▶ _Stored entries_
(* For $n\in\mathbb{Z}_+^I$, $j\in\mathcal{J}^\circ$ and $i\in\mathcal{I}$ with $j\in i$, $$E\,M^\circ_{ji}(n)=\frac{1}{\mu_{ji}}\frac{B^{+j}(n-e_i)}{B(n)},$$ where $e_i$ is the $i$-th unit vector.
   Context: Closed multiclass network: finite queue set $\mathcal{J}$, finite route set $\mathcal{I}$, each route a subset of $\mathcal{J}$ with a cyclic visiting order (each queue at most once), rates $\mu_{ji}>0$ for $j\in i$. For $k\in\mathbb{Z}_+^I$, $\mathcal{S}(k)$ is the set of $m=(m_{ji}: j\in i)$ with nonnegative integer entries and $\sum_{j\in i}m_{ji}=k_i$, $m_j=\sum_{i: j\in i}m_{ji}$; the stationary distribution is $\pi(m\mid k)=B(k)^{-1}\prod_{j}\big(\frac{m_j!}{\prod_{i: j\in i}m_{ji}!}\prod_{i: j\in i}\mu_{ji}^{-m_{ji}}\big)$ with normalizing constant $B(k)$. $\Lambda^*(n)$ is the unique optimizer of: maximize $\sum_i n_i\log\Lambda_i$ s.t. $\sum_{i: j\in i}\Lambda_i/\mu_{ji}\le1$ for all $j$, $\Lambda\ge0$, and $\mathcal{J}^\circ=\{j:\sum_{i: j\in i}\Lambda^*_i(n)/\mu_{ji}<1\}$. $M^\circ_{ji}(n)$ is the number of route-$i$ customers at queue $j$ under the stationary distribution $\pi(\cdot\mid n)$. $B^{+j}(k)$ is the normalizing constant (same formula) of the closed network obtained by adding a replica of queue $j$ immediately after $j$ on every route through $j$, with the same rates $\mu_{ji}$ at the replica. *)

theory Defs
  imports Complex_Main "HOL-Library.Extended_Real"
begin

▶ _WHAT IS BEING ASKED_
Copy each record exactly, leaving nothing out.

▶ _PROBLEM SOLUTION_
(* For $n\in\mathbb{Z}_+^I$, $j\in\mathcal{J}^\circ$ and $i\in\mathcal{I}$ with $j\in i$, $$E\,M^\circ_{ji}(n)=\frac{1}{\mu_{ji}}\frac{B^{+j}(n-e_i)}{B(n)},$$ where $e_i$ is the $i$-th unit vector.
   Context: Closed multiclass network: finite queue set $\mathcal{J}$, finite route set $\mathcal{I}$, each route a subset of $\mathcal{J}$ with a cyclic visiting order (each queue at most once), rates $\mu_{ji}>0$ for $j\in i$. For $k\in\mathbb{Z}_+^I$, $\mathcal{S}(k)$ is the set of $m=(m_{ji}: j\in i)$ with nonnegative integer entries and $\sum_{j\in i}m_{ji}=k_i$, $m_j=\sum_{i: j\in i}m_{ji}$; the stationary distribution is $\pi(m\mid k)=B(k)^{-1}\prod_{j}\big(\frac{m_j!}{\prod_{i: j\in i}m_{ji}!}\prod_{i: j\in i}\mu_{ji}^{-m_{ji}}\big)$ with normalizing constant $B(k)$. $\Lambda^*(n)$ is the unique optimizer of: maximize $\sum_i n_i\log\Lambda_i$ s.t. $\sum_{i: j\in i}\Lambda_i/\mu_{ji}\le1$ for all $j$, $\Lambda\ge0$, and $\mathcal{J}^\circ=\{j:\sum_{i: j\in i}\Lambda^*_i(n)/\mu_{ji}<1\}$. $M^\circ_{ji}(n)$ is the number of route-$i$ customers at queue $j$ under the stationary distribution $\pi(\cdot\mid n)$. $B^{+j}(k)$ is the normalizing constant (same formula) of the closed network obtained by adding a replica of queue $j$ immediately after $j$ on every route through $j$, with the same rates $\mu_{ji}$ at the replica. *)

theory Defs
  imports Complex_Main "HOL-Library.Extended_Real"
begin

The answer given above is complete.